Every line below that holds the word "bool" must be listed.

[Supplied entries Boundary: Start]

(* Let $\mathcal X$ be a curve of genus $g$ over $\mathbf F_q$. Let $i\in\mathbf N'$, let $N$ be an integer with $-1\le N\le 2g-2$, and let $r\ge1$ be an integer with $i+r\le N+1$. Suppose $i+1,\dots,i+r$ are all gaps of $\mathcal X$, and set $A=\{i,i+1,\dots,i+r\}$. Then $$\min\{\tilde\ell(a)+\tilde\ell(N-a):a\in A\}=\tilde\ell(i+r)+\tilde\ell(N-i-r).$$
   Context: Here $\mathcal X$ is projective, geometrically irreducible and nonsingular. $\ell(A)=\dim_{\mathbf F_q}\mathcal L(A)$. For $j\ge1$, $\gamma_j=\min\{\deg A: A\ \mathbf F_q\text{-rational divisor},\ \ell(A)\ge j\}$, and $GS(\mathcal X)=\{\gamma_j:j\ge1\}$. Let $\mathbf N'=\{-1,0,1,2,\dots\}$; a gap of $\mathcal X$ is an element of $\mathbf N'\setminus GS(\mathcal X)$. Define $\tilde\ell:\mathbf N'\to\mathbf N_0$ by $\tilde\ell(-1)=0$ and $\tilde\ell(a)=\max\{j\ge1:\gamma_j\le a\}$ for $a\ge0$. *)

theory Defs
  imports Main
begin

text \<open>Abstract gonality sequence: gamma j for j >= 1 (value at 0 is irrelevant).\<close>
definition gonality_seq :: "(nat \<Rightarrow> int) \<Rightarrow> bool" where
  "gonality_seq \<gamma> \<longleftrightarrow>
     (\<forall>j k. 1 \<le> j \<longrightarrow> j \<le> k \<longrightarrow> \<gamma> j \<le> \<gamma> k) \<and> \<gamma> 1 = 0 \<and>
     (\<forall>a. finite {j. 1 \<le> j \<and> \<gamma> j \<le> a})"

definition GS :: "(nat \<Rightarrow> int) \<Rightarrow> int set" where
  "GS \<gamma> = \<gamma> ` {j. 1 \<le> j}"

definition is_gap :: "(nat \<Rightarrow> int) \<Rightarrow> int \<Rightarrow> bool" where
  "is_gap \<gamma> a \<longleftrightarrow> -1 \<le> a \<and> a \<notin> GS \<gamma>"

definition ltilde :: "(nat \<Rightarrow> int) \<Rightarrow> int \<Rightarrow> nat" where
  "ltilde \<gamma> a = (if a < 0 then 0 else (GREATEST j. 1 \<le> j \<and> \<gamma> j \<le> a))"

end

theory Submission
  imports Defs
begin

text \<open>Since \<open>\<tilde>\<ell>\<close> can only increase at elements of the gonality sequence, it is
  constant on \<open>A = {i, \<dots>, i + r}\<close>; and \<open>\<tilde>\<ell>\<close> is monotone, so \<open>\<tilde>\<ell>(N - a)\<close> is smallest
  for the largest \<open>a \<in> A\<close>.\<close>

lemma ltilde_mono:
  assumes gs: "gonality_seq \<gamma>" and "a \<le> b"
  shows "ltilde \<gamma> a \<le> ltilde \<gamma> b"
proof (cases "a < 0")
  case True
  then show ?thesis by (simp add: ltilde_def)
next
  case False
  let ?P = "\<lambda>c j. 1 \<le> j \<and> \<gamma> j \<le> c"
  have "finite {j. ?P b j}"
    using gs by (simp add: gonality_seq_def)
  then obtain M where M: "\<And>j. ?P b j \<Longrightarrow> j \<le> M"
    by (auto simp: finite_nat_set_iff_bounded_le)
  have "?P a 1"
    using gs False by (simp add: gonality_seq_def)
  then have greatest_a: "?P a (GREATEST j. ?P a j)"
    by (rule GreatestI_nat[where b = M]) (use M \<open>a \<le> b\<close> in force)
  have "(GREATEST j. ?P a j) \<le> (GREATEST j. ?P b j)"
    by (rule Greatest_le_nat[where b = M]) (use greatest_a M \<open>a \<le> b\<close> in auto)
  with False \<open>a \<le> b\<close> show ?thesis
    by (simp add: ltilde_def)
qed

lemma ltilde_gap:
  assumes gs: "gonality_seq \<gamma>" and gap: "is_gap \<gamma> a"
  shows "ltilde \<gamma> a = ltilde \<gamma> (a - 1)"
proof -
  have "a \<noteq> 0"
    using gs gap by (force simp: gonality_seq_def is_gap_def GS_def)
  moreover have "\<gamma> j \<le> a \<longleftrightarrow> \<gamma> j \<le> a - 1" if "1 \<le> j" for j
    using gap that by (auto simp: is_gap_def GS_def)
  ultimately show ?thesis
    using gap by (auto simp: ltilde_def is_gap_def intro!: arg_cong[where f = Greatest])
qed

lemma ltilde_const_on_gap_run:
  assumes gs: "gonality_seq \<gamma>"
    and gaps: "\<forall>k\<in>{1..r}. is_gap \<gamma> (i + k)"
    and a: "a \<in> {i..i + r}"
  shows "ltilde \<gamma> a = ltilde \<gamma> i"
proof -
  have "a \<le> i + r \<longrightarrow> ltilde \<gamma> a = ltilde \<gamma> i"
  proof (rule int_ge_induct[where k = i and P = "\<lambda>a. a \<le> i + r \<longrightarrow> ltilde \<gamma> a = ltilde \<gamma> i"])
    show "i \<le> a" using a by simp
    show "i \<le> i + r \<longrightarrow> ltilde \<gamma> i = ltilde \<gamma> i" by simp
  next
    fix a
    assume "i \<le> a" and IH: "a \<le> i + r \<longrightarrow> ltilde \<gamma> a = ltilde \<gamma> i"
    show "a + 1 \<le> i + r \<longrightarrow> ltilde \<gamma> (a + 1) = ltilde \<gamma> i"
    proof
      assume "a + 1 \<le> i + r"
      then have "is_gap \<gamma> (a + 1)"
        using \<open>i \<le> a\<close> bspec[OF gaps, of "a + 1 - i"] by simp
      then have "ltilde \<gamma> (a + 1) = ltilde \<gamma> a"
        using ltilde_gap[OF gs] by fastforce
      with IH \<open>a + 1 \<le> i + r\<close> show "ltilde \<gamma> (a + 1) = ltilde \<gamma> i"
        by simp
    qed
  qed
  with a show ?thesis by simp
qed

theorem lemma3p7:
  fixes \<gamma> :: "nat \<Rightarrow> int" and g :: nat and i N r :: int
  assumes "gonality_seq \<gamma>"
    and "-1 \<le> i"
    and "-1 \<le> N" and "N \<le> 2 * int g - 2"
    and "1 \<le> r" and "i + r \<le> N + 1"
    and "\<forall>k\<in>{1..r}. is_gap \<gamma> (i + k)"
  shows "Min ((\<lambda>a. ltilde \<gamma> a + ltilde \<gamma> (N - a)) ` {i..i + r})
           = ltilde \<gamma> (i + r) + ltilde \<gamma> (N - i - r)"
proof (rule Min_eqI)
  have end_in_A: "i + r \<in> {i..i + r}"
    using \<open>1 \<le> r\<close> by simp
  then show "ltilde \<gamma> (i + r) + ltilde \<gamma> (N - i - r)
      \<in> (\<lambda>a. ltilde \<gamma> a + ltilde \<gamma> (N - a)) ` {i..i + r}"
    by (force simp: diff_diff_eq)
  fix y
  assume "y \<in> (\<lambda>a. ltilde \<gamma> a + ltilde \<gamma> (N - a)) ` {i..i + r}"
  then obtain a where a: "a \<in> {i..i + r}" and y: "y = ltilde \<gamma> a + ltilde \<gamma> (N - a)"
    by blast
  have "ltilde \<gamma> a = ltilde \<gamma> (i + r)"
    using ltilde_const_on_gap_run[OF assms(1,7)] a end_in_A by metis
  moreover have "ltilde \<gamma> (N - i - r) \<le> ltilde \<gamma> (N - a)"
    using a by (intro ltilde_mono[OF assms(1)]) simp
  ultimately show "ltilde \<gamma> (i + r) + ltilde \<gamma> (N - i - r) \<le> y"
    using y by simp
qed simp

end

[Supplied entries Boundary: End]

◆ Response to the task:
definition gonality_seq :: "(nat \<Rightarrow> int) \<Rightarrow> bool" where
definition is_gap :: "(nat \<Rightarrow> int) \<Rightarrow> int \<Rightarrow> bool" where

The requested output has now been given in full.